We Shouldn’t Dismiss Layla Moran’s Confession About Slapping Her Boyfriend – Violence Against Men Is Real

We know that any form of domestic violence is abhorrent, so does a woman slapping a man round the face still have connotations of humour?

Layla Moran

by Marisa Bate |
Updated on

Last weekend, Layla Moran, Liberal Democrat MP for Oxford West and Abingdon, released a statement on twitter admitting that during a party conference in Glasgow in 2013, she had slapped her then-partner as they were having a row over a computer cable, claiming she felt “threatened”. She was arrested but charges were dropped. She goes on to say her and her ex have “moved on and forgiven each other”.

Underneath Moran’s statement, the following exchange took place: “I admire you candour and courage in addressing this”, wrote one woman, “this should be an end to the matter”. A man then responded: “Would you say the same if she was a man?”

And therein lies the reason that this incident, despite taking place nearly six years ago, has exploded on the internet and caused my back to arch like a cat walking on broken glass.
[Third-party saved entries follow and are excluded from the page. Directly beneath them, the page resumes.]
lemma pareto_tours_dominating:
  assumes "finite T" and "C \<in> T" and "C \<notin> pareto_tours F T"
  obtains D where "D \<in> pareto_tours F T" and "pareto_le (F D) (F C)"
proof -
  define S where "S = {C' \<in> T. pareto_le (F C') (F C)}"
  have "finite S" and "S \<noteq> {}"
    using assms unfolding S_def pareto_tours_def by auto
  \<comment> \<open>A dominator of \<open>C\<close> with the least coordinate sum is undominated, by transitivity.\<close>
  then obtain D where "D \<in> S" and D_min: "\<And>C'. C' \<in> S \<Longrightarrow>
      \<not> fst (F C') + snd (F C') < fst (F D) + snd (F D)"
    using ex_is_arg_min_if_finite[of S "\<lambda>C'. fst (F C') + snd (F C')"]
    unfolding is_arg_min_def by blast
  have "\<not> pareto_le (F C') (F D)" if "C' \<in> T" for C'
  proof
    assume "pareto_le (F C') (F D)"
    moreover from \<open>D \<in> S\<close> have "pareto_le (F D) (F C)"
      unfolding S_def by blast
    ultimately have "C' \<in> S"
      using that pareto_le_trans unfolding S_def by blast
    with D_min \<open>pareto_le (F C') (F D)\<close> show False
      using pareto_le_sum_less by blast
  qed
  with \<open>D \<in> S\<close> have "D \<in> pareto_tours F T" and "pareto_le (F D) (F C)"
    unfolding pareto_tours_def S_def by auto
  then show thesis by (rule that)
qed

lemma pareto_tours_nonempty:
  assumes "finite T" and "T \<noteq> {}"
  shows "pareto_tours F T \<noteq> {}"
proof -
  from assms obtain C where "C \<in> T" by blast
  show ?thesis
  proof (cases "C \<in> pareto_tours F T")
    case False
    then show ?thesis
      using pareto_tours_dominating[OF assms(1) \<open>C \<in> T\<close>] by blast
  qed blast
qed

lemma pareto_le_reduced_crit:
  assumes "0 \<le> \<theta>" and "\<theta> < 1" and "pareto_le (F C') (F C)"
  shows "pareto_le (reduced_crit i \<theta> F C') (reduced_crit i \<theta> F C)"
proof -
  have combine: "\<theta> * p' + (1 - \<theta>) * q' \<le> \<theta> * p + (1 - \<theta>) * q"
    and combine_strict: "q' < q \<Longrightarrow> \<theta> * p' + (1 - \<theta>) * q' < \<theta> * p + (1 - \<theta>) * q"
    if "p' \<le> p" and "q' \<le> q" for p p' q q' :: real
  proof -
    have "\<theta> * p' \<le> \<theta> * p"
      using that assms(1) by (simp add: mult_left_mono)
    moreover have "(1 - \<theta>) * q' \<le> (1 - \<theta>) * q"
      using that assms(2) by simp
    moreover have "q' < q \<Longrightarrow> (1 - \<theta>) * q' < (1 - \<theta>) * q"
      using assms(2) by simp
    ultimately show "\<theta> * p' + (1 - \<theta>) * q' \<le> \<theta> * p + (1 - \<theta>) * q"
      and "q' < q \<Longrightarrow> \<theta> * p' + (1 - \<theta>) * q' < \<theta> * p + (1 - \<theta>) * q"
      by linarith+
  qed
  from assms(3) have le: "fst (F C') \<le> fst (F C)" "snd (F C') \<le> snd (F C)"
    and strict: "fst (F C') < fst (F C) \<or> snd (F C') < snd (F C)"
    unfolding pareto_le_iff by auto
  show ?thesis
    unfolding pareto_le_iff reduced_crit_def
    using le strict combine[OF le] combine[OF le(2,1)]
      combine_strict[OF le] combine_strict[OF le(2,1)] by auto
qed

lemma pareto_tours_reduced_crit_subset:
  assumes "0 \<le> \<theta>" and "\<theta> < 1"
  shows "pareto_tours (reduced_crit i \<theta> F) T \<subseteq> pareto_tours F T"
proof
  fix C assume C: "C \<in> pareto_tours (reduced_crit i \<theta> F) T"
  have "\<not> pareto_le (F C') (F C)" if "C' \<in> T" for C'
  proof
    assume "pareto_le (F C') (F C)"
    then have "pareto_le (reduced_crit i \<theta> F C') (reduced_crit i \<theta> F C)"
      by (rule pareto_le_reduced_crit[OF assms])
    with C \<open>C' \<in> T\<close> show False
      unfolding pareto_tours_def by blast
  qed
  with C show "C \<in> pareto_tours F T"
    unfolding pareto_tours_def by blast
qed

lemma reduced_crit_2_on_line:
  assumes "snd (F C) = a - k * fst (F C)"
  shows "reduced_crit 2 \<theta> F C = (\<theta> * a + (1 - \<theta> * (k + 1)) * fst (F C), a - k * fst (F C))"
  unfolding reduced_crit_def assms by (simp add: algebra_simps)

lemma reduced_crit_2_on_line_dominated:
  assumes "k > 0" and "1 / (k + 1) \<le> \<theta>"
    and "snd (F C) = a - k * fst (F C)" and "snd (F C') = a - k * fst (F C')"
    and "fst (F C) < fst (F C')"
  shows "pareto_le (reduced_crit 2 \<theta> F C') (reduced_crit 2 \<theta> F C)"
proof -
  have "1 - \<theta> * (k + 1) \<le> 0"
    using assms(1,2) by (simp add: field_simps)
  then have "(1 - \<theta> * (k + 1)) * fst (F C') \<le> (1 - \<theta> * (k + 1)) * fst (F C)"
    using assms(5) by (simp add: mult_left_mono_neg)
  moreover have "k * fst (F C) < k * fst (F C')"
    using assms(1,5) by simp
  ultimately show ?thesis
    unfolding reduced_crit_2_on_line[where F = F and C = C, OF assms(3)]
      reduced_crit_2_on_line[where F = F and C = C', OF assms(4)] pareto_le_iff
    by simp
qed

lemma reduced_crit_2_on_line_not_dominated:
  assumes "k > 0" and "\<theta> < 1 / (k + 1)"
    and "snd (F C) = a - k * fst (F C)" and "snd (F C') = a - k * fst (F C')"
  shows "\<not> pareto_le (reduced_crit 2 \<theta> F C') (reduced_crit 2 \<theta> F C)"
proof
  assume "pareto_le (reduced_crit 2 \<theta> F C') (reduced_crit 2 \<theta> F C)"
  then have first: "(1 - \<theta> * (k + 1)) * fst (F C') \<le> (1 - \<theta> * (k + 1)) * fst (F C)"
    and second: "k * fst (F C) \<le> k * fst (F C')"
    and strict: "fst (F C') \<noteq> fst (F C)"
    unfolding reduced_crit_2_on_line[where F = F and C = C, OF assms(3)]
      reduced_crit_2_on_line[where F = F and C = C', OF assms(4)] pareto_le_iff
    by auto
  have "1 - \<theta> * (k + 1) > 0"
    using assms(1,2) by (simp add: field_simps)
  with first have "fst (F C') \<le> fst (F C)"
    by simp
  moreover from second assms(1) have "fst (F C) \<le> fst (F C')"
    by simp
  ultimately show False
    using strict by simp
qed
How do we talk about violence against men in such a way that supports male victims but still acknowledges that violence against women and girls around the globe is a much more common, historical and culturally systematic issue?

Well, we can start by saying that any intimate partner violence is abhorrent. One third of domestic abuse victims are men, and according to the BBC, “Police in England and Wales recorded 149,248 incidents in 2017 - more than double the number reported in 2012”. I mentioned the incident to a friend “I 100% know women who have slapped their partners when they are drunk” she writes. I think of my female friend who used to throw crockey in fits of rage. If a man had done that to her, I would have told her it was a red flag and a very serious storm of abuse and control was on its way. Yet I didn’t say that to her because she is a woman. I listened and made us another cup of tea.

Moran hints that she felt “threatened” - a passing insinuation that it was an act of self-defense. After all, it would be naive to ignore the reality that men are often bigger and stronger, and the threat is often a very real one. But a woman slapping a man around the face often has connotations of humour; think of EastEnders or Dallas. There’s a high-octane, almost pantomime-like drama; the man normally “deserves” it, the scorned woman huffs off. Even among those of us who would like to think of ourselves as progressive, we have deep-rooted notions of masculinity, such as a woman can’t really hurt a man, a man can “take it”, men aren’t vulnerable. These messages are harmful and need to be exposed as what they are; gender stereotypes that are no good for anyone. We have to start by believing men can be victims in order to respond to them as such.

And yet, to suggest that this is a crime that takes place in equal measure, irrespective of gender, is to ignore the facts. It is to ignore that two women die every week in this country at the hands of a former or current male partner; it it to ignore that 7.9% of women in the UK will experience violence compared to 4.25% of men. It is to ignore women are four times more likely to have experienced sexual assault by a partner, and female victims of abuse are more likely to experience other types of abuse also, such as emotional or economic. And even with these statistics highlighting the extent of the issue, there are endless cases in which the police and the criminal justice system routinely fail women over and over again. Just last week The Centre for Women’s Justicesubmitted a super-complaint to HM Inspectorate of Constabulary for failures to protect victims of rape and abuse. This isn’t a game of one upmanship; violence is an epidemic that is killing women routinely and we have to try to understand it in order to prevent it.

The disproportionate levels of violence towards women and girls also paints a bigger picture of a woman's place in society. Whilst I don’t doubt that women are abusers, too, hell bent on control and able to cause huge emotional and psychological damage if they so wish, women exist in a society which is fundamentally not on their side; underrepresented and underpaid, they still burdened with the majority of domestic and caring duties. Women’s lack of economic, social and cultural power makes them vulnerable. And in this way, the violence against them historically has been accepted, overlooked, ignored, in some cases inevitable. Remember when we called white vest ‘wifebeaters’? Remember when police didn’t respond to calls because it was “a domestic”? Only recently was the video game called Rape Day, which users were encouraged to commit sexual assault to progress, removed. We are constantly bombarded with a messaging that normalises violence and sexual violence against women on a scale that we simply don’t see with men. Violence against women is a terrible crime that isn’t just between two individuals but is also a symptomatic expression of men’s power in society.

Layla Moran’s confession is important because violence against men is real, and it needs to be taken seriously. Perhaps, also, the growing numbers of men reporting the crime suggests thanks to a more tolerant and open-minded society, men feel they can admit what has been happening to them behind closed doors. Yet this conversation can not be used to undermine the efforts that prevent violence against women or in anyway belittle the reality that this is a gendered crime. There’s far too much at stake.